§ Exercise:
Among the records below, find each line containing the word "moreover" and copy it.
Records for the exercise below:
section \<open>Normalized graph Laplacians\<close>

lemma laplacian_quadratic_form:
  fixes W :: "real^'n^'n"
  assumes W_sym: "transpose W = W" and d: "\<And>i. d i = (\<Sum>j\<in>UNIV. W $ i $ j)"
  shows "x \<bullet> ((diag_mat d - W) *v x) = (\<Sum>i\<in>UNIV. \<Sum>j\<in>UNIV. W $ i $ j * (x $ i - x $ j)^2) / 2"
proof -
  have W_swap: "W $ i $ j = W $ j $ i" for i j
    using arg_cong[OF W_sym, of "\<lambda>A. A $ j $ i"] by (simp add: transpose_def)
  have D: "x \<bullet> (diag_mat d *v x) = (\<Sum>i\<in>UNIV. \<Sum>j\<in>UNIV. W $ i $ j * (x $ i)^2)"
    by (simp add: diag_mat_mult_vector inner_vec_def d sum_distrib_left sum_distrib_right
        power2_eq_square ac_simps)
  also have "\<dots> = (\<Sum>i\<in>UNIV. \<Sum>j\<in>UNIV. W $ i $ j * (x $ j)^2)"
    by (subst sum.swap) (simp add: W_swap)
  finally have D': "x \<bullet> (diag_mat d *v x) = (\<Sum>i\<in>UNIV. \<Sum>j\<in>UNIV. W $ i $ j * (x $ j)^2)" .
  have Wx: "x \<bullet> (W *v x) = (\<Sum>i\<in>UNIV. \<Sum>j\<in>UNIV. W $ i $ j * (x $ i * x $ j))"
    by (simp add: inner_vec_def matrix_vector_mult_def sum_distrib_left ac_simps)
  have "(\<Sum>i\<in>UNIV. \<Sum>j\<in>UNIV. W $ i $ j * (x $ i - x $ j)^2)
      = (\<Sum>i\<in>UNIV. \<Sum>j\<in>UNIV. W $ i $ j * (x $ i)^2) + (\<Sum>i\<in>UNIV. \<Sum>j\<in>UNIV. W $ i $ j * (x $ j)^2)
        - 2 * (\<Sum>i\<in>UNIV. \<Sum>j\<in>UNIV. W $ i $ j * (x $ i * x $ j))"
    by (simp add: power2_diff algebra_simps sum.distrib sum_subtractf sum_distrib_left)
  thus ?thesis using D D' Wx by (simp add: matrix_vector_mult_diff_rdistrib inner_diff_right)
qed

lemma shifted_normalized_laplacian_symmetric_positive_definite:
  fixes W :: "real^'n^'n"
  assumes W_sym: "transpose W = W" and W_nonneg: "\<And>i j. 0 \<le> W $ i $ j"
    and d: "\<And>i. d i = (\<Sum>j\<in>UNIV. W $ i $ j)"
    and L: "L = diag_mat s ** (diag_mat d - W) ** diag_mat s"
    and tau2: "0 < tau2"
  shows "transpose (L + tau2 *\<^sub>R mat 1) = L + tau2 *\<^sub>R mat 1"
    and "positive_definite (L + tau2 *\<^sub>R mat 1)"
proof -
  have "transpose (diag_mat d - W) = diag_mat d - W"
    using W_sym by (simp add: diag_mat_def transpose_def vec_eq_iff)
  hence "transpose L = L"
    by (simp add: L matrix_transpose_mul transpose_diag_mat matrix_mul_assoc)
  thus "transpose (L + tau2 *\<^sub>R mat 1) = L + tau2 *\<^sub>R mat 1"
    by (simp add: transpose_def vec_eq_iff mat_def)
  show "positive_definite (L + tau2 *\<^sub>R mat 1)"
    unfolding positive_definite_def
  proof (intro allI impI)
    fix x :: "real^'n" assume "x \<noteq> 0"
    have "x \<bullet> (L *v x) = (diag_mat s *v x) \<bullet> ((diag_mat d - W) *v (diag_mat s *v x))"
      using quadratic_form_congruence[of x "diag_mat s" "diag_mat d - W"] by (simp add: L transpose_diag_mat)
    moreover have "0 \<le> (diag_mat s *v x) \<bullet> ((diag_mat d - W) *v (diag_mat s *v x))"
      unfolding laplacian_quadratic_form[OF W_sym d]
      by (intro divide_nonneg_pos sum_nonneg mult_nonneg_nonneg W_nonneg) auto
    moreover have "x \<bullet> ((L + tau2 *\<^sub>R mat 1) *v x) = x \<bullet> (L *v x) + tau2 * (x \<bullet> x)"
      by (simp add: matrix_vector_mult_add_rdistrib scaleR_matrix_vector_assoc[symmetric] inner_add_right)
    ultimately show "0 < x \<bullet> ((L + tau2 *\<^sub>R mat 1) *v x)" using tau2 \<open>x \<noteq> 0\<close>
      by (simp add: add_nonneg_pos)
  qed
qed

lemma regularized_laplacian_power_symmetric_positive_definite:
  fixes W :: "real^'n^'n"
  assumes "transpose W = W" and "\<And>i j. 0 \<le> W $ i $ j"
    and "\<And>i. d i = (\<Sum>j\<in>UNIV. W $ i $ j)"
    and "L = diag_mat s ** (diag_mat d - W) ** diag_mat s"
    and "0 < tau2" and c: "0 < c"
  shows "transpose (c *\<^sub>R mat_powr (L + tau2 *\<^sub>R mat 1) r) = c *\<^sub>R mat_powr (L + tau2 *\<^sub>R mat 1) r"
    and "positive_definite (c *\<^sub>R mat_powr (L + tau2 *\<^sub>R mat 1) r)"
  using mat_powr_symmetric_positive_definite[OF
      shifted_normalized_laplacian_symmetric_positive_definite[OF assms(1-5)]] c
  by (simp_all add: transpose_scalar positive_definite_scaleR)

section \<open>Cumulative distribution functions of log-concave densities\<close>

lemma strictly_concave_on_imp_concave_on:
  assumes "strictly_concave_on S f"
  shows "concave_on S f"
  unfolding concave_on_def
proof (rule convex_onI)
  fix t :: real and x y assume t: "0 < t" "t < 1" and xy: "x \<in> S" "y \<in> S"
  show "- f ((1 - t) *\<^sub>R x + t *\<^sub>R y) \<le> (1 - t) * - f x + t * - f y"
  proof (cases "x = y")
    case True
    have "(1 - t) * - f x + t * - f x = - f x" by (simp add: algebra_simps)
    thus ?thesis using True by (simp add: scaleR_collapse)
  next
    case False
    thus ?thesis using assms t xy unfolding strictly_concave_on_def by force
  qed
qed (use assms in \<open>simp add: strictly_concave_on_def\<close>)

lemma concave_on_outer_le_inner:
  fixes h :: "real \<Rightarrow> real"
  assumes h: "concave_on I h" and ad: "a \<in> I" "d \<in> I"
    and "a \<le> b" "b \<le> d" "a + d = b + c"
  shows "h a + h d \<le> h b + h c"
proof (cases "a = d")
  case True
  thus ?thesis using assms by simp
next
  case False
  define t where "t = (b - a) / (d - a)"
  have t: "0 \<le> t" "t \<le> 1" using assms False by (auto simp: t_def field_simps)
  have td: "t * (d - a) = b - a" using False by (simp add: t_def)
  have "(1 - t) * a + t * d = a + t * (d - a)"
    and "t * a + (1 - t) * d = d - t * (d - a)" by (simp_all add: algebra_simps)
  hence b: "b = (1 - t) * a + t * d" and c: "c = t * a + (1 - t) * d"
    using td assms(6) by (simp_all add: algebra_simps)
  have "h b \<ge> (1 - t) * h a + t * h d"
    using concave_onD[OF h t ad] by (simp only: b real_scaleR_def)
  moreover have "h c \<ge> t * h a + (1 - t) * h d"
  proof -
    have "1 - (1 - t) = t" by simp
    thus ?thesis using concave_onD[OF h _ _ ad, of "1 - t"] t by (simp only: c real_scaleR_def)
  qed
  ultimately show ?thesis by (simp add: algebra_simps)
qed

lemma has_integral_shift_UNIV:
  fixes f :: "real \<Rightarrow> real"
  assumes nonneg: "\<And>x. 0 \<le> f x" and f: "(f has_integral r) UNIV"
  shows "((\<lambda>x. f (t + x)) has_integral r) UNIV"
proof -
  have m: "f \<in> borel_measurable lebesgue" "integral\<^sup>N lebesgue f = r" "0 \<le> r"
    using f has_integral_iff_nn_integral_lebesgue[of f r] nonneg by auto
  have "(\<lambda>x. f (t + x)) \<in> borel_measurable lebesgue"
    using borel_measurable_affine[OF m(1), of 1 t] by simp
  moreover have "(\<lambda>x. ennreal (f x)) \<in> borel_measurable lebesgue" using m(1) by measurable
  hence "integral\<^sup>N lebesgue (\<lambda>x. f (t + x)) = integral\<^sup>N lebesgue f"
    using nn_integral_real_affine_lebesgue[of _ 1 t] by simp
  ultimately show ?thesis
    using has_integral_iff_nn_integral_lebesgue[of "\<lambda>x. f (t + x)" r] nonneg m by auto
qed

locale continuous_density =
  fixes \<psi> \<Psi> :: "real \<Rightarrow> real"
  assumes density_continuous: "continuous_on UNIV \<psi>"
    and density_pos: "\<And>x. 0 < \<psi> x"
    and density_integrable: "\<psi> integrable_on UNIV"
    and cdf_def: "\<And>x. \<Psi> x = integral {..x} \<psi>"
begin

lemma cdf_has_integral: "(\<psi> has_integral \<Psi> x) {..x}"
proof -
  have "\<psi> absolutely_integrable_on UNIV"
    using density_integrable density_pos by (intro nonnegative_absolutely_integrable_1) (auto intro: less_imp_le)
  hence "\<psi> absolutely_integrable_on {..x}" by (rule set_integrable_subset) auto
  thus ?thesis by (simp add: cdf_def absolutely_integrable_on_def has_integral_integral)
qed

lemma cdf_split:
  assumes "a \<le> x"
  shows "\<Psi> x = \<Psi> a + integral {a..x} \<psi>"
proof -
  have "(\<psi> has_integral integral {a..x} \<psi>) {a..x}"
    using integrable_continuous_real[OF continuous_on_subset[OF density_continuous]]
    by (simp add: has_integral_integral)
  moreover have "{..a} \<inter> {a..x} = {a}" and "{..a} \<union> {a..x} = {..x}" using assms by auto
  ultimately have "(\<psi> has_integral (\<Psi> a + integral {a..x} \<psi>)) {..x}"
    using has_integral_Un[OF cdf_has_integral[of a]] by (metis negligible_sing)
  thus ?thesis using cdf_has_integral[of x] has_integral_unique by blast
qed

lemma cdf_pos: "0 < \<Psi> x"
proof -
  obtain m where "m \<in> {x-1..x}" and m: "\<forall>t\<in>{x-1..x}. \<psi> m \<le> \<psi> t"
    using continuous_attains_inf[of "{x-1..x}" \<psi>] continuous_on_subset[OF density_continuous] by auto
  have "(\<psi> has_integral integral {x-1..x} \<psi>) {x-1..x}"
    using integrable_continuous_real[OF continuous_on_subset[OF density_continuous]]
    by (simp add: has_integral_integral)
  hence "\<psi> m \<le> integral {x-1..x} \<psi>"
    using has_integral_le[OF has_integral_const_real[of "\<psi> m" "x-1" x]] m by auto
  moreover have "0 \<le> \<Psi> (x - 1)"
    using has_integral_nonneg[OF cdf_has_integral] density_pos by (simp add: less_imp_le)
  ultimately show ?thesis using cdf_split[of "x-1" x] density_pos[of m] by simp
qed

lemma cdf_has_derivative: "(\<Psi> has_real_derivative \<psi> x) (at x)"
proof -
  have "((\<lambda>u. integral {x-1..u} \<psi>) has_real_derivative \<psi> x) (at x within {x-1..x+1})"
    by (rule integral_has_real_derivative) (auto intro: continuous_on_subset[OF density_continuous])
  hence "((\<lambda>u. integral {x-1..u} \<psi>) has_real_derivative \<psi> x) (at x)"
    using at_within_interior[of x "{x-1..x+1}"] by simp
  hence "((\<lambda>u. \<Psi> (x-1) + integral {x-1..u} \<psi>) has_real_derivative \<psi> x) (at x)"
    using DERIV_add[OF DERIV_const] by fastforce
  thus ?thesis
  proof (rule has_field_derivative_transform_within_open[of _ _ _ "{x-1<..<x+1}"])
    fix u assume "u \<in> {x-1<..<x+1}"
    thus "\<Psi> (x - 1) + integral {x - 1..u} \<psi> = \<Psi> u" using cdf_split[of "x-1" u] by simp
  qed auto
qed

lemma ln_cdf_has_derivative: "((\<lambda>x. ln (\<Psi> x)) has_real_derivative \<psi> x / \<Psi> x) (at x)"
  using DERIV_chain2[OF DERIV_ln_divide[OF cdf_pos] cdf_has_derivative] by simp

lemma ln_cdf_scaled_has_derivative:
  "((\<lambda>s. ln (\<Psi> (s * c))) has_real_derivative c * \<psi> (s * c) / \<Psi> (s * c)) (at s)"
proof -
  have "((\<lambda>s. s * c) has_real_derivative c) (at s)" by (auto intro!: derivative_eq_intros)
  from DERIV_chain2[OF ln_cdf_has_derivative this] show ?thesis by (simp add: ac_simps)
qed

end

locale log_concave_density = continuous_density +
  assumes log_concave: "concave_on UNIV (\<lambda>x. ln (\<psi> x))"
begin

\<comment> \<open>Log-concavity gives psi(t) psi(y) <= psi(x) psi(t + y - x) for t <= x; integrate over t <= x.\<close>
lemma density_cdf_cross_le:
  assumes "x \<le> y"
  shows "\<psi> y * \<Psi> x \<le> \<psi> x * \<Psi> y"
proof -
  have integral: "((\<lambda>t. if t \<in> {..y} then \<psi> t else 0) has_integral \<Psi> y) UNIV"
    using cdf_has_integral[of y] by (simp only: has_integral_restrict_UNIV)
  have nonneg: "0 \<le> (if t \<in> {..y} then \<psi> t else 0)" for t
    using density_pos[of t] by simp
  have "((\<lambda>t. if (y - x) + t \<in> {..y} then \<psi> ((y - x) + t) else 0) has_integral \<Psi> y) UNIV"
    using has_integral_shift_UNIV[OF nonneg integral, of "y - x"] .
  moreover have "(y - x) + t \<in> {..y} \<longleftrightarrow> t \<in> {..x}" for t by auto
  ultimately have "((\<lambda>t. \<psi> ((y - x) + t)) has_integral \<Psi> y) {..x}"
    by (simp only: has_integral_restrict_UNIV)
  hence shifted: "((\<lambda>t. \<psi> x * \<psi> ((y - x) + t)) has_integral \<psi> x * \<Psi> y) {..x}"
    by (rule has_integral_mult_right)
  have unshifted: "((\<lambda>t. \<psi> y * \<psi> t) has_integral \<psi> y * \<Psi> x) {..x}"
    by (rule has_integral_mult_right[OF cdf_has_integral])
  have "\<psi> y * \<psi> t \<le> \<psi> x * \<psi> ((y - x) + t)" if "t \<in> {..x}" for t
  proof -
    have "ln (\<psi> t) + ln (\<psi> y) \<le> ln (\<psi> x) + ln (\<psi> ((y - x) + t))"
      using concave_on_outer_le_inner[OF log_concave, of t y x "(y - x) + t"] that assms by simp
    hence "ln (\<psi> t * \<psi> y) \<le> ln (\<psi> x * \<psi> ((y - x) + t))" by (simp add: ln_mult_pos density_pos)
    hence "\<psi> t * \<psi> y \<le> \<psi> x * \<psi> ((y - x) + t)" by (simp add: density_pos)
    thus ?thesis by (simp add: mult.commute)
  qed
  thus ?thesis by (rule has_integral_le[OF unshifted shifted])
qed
End of Records for the exercise.
Records for the exercise below:
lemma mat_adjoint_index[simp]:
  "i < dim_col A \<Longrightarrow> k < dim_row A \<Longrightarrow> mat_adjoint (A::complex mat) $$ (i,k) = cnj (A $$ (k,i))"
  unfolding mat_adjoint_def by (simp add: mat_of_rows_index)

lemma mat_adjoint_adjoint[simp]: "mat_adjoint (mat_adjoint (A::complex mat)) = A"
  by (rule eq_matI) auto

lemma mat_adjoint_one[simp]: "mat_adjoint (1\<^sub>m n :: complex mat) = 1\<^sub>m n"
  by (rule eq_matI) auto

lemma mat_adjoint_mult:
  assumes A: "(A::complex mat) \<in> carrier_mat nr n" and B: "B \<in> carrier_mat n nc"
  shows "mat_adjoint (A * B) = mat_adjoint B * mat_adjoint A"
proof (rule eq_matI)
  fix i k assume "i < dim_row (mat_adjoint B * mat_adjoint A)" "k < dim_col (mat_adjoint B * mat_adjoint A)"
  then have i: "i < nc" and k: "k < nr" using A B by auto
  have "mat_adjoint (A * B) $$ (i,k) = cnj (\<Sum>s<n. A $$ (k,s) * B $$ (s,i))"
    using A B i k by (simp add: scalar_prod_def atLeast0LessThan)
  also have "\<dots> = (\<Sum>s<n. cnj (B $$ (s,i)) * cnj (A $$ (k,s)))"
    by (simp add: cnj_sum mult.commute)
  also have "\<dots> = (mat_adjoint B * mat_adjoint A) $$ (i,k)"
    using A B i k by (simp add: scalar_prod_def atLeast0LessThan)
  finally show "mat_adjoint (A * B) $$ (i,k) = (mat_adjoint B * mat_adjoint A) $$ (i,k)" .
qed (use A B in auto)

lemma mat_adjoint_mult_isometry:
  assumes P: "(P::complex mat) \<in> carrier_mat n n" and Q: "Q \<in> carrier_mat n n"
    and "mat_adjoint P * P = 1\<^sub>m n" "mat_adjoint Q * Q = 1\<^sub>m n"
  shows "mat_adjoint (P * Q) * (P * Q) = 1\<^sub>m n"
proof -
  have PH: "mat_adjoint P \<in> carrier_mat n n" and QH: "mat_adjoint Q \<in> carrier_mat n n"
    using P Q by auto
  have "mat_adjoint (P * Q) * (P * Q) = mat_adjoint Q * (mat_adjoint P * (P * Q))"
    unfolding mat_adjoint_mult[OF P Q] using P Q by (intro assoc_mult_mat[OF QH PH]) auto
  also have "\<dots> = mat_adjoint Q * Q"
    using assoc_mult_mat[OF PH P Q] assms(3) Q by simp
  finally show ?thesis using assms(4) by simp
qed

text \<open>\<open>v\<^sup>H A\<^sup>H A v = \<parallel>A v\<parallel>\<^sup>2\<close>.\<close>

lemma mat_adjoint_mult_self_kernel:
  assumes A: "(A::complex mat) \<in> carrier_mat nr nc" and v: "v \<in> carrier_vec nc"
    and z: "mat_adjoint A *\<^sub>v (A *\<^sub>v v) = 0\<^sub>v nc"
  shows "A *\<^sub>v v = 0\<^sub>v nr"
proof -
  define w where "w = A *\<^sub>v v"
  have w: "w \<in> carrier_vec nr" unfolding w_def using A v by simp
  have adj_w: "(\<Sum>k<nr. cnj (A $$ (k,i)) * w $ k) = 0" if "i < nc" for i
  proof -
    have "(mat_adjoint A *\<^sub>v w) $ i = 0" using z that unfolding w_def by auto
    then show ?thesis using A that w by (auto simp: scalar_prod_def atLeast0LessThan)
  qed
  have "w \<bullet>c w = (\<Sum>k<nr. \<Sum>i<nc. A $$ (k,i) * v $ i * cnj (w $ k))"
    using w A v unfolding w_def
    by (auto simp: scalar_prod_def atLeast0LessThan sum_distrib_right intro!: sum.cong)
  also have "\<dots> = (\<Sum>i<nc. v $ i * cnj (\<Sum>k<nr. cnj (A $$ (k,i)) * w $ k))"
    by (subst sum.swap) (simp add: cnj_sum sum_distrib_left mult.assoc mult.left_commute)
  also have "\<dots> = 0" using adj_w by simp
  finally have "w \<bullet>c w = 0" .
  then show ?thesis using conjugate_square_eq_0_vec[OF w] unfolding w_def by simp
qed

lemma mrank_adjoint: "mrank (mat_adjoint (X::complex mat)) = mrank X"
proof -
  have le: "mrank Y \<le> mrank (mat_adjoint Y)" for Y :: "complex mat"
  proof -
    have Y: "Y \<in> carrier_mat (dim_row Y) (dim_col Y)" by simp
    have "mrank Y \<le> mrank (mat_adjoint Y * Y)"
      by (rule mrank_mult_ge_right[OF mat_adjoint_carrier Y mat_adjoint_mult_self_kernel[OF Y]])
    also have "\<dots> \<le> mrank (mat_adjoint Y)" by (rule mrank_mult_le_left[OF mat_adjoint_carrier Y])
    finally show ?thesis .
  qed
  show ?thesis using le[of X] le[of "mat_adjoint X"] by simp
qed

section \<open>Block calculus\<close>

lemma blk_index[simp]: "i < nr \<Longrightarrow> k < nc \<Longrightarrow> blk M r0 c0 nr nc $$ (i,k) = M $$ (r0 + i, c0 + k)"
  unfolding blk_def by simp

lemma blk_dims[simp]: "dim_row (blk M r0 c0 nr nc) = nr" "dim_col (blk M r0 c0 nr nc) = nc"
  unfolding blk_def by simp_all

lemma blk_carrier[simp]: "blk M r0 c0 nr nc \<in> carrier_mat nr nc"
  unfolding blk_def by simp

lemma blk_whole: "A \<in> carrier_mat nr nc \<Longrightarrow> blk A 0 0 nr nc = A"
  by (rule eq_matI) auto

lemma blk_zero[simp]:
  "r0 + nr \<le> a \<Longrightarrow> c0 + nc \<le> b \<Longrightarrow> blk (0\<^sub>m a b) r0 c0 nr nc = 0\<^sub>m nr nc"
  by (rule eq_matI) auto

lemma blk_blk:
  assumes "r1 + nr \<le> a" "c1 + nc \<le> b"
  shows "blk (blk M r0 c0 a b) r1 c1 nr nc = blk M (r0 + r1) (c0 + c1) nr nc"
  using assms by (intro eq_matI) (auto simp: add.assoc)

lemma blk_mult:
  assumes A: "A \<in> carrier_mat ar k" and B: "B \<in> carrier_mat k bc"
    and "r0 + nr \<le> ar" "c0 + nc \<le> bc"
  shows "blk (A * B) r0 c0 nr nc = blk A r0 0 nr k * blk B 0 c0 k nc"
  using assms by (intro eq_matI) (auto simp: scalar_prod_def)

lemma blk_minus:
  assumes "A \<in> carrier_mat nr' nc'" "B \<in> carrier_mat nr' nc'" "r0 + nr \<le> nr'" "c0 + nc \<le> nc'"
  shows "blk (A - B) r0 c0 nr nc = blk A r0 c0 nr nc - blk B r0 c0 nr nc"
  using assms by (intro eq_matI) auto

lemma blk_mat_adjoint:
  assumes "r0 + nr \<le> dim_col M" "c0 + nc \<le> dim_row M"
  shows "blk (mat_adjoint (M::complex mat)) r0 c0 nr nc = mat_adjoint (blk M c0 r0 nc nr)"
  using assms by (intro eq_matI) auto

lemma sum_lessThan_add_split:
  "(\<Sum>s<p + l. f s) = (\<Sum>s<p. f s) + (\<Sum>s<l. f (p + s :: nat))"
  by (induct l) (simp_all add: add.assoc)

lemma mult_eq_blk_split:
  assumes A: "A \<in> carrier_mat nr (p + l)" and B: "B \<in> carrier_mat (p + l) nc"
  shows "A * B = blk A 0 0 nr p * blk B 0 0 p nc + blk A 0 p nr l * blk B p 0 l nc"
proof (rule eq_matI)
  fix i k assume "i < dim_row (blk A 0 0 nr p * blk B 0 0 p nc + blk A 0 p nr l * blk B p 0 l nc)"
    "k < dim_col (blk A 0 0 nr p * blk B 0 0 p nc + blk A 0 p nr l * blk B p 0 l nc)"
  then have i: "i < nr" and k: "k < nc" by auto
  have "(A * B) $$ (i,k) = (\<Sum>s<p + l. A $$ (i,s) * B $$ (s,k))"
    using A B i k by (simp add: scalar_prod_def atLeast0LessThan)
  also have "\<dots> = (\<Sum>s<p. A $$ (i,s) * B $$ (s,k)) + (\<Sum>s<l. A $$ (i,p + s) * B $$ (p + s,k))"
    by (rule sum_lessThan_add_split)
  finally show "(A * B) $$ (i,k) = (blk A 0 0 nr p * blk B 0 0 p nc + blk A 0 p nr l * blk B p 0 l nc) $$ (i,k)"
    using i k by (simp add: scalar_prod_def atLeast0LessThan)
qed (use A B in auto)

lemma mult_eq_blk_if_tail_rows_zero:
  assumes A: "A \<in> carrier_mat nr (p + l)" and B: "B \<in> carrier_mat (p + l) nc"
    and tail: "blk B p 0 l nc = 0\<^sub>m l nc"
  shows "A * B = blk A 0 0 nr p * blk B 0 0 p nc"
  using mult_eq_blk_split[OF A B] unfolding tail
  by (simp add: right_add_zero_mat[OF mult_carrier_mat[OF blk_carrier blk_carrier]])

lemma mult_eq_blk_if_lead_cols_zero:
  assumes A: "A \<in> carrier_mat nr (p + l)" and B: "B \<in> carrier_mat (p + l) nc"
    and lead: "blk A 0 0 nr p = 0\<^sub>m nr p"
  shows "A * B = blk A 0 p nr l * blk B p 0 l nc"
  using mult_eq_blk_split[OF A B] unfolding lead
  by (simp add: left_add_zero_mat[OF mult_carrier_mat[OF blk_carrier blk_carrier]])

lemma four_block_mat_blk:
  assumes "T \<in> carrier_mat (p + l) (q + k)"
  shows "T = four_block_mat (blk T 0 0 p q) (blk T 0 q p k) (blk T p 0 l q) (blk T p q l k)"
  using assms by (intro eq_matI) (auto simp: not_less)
End of Records for the exercise.
§ Expected output:
    moreover have "0 \<le> (diag_mat s *v x) \<bullet> ((diag_mat d - W) *v (diag_mat s *v x))"
    moreover have "x \<bullet> ((L + tau2 *\<^sub>R mat 1) *v x) = x \<bullet> (L *v x) + tau2 * (x \<bullet> x)"
  moreover have "h c \<ge> t * h a + (1 - t) * h d"
  moreover have "(\<lambda>x. ennreal (f x)) \<in> borel_measurable lebesgue" using m(1) by measurable
  moreover have "{..a} \<inter> {a..x} = {a}" and "{..a} \<union> {a..x} = {..x}" using assms by auto
  moreover have "0 \<le> \<Psi> (x - 1)"
  moreover have "(y - x) + t \<in> {..y} \<longleftrightarrow> t \<in> {..x}" for t by auto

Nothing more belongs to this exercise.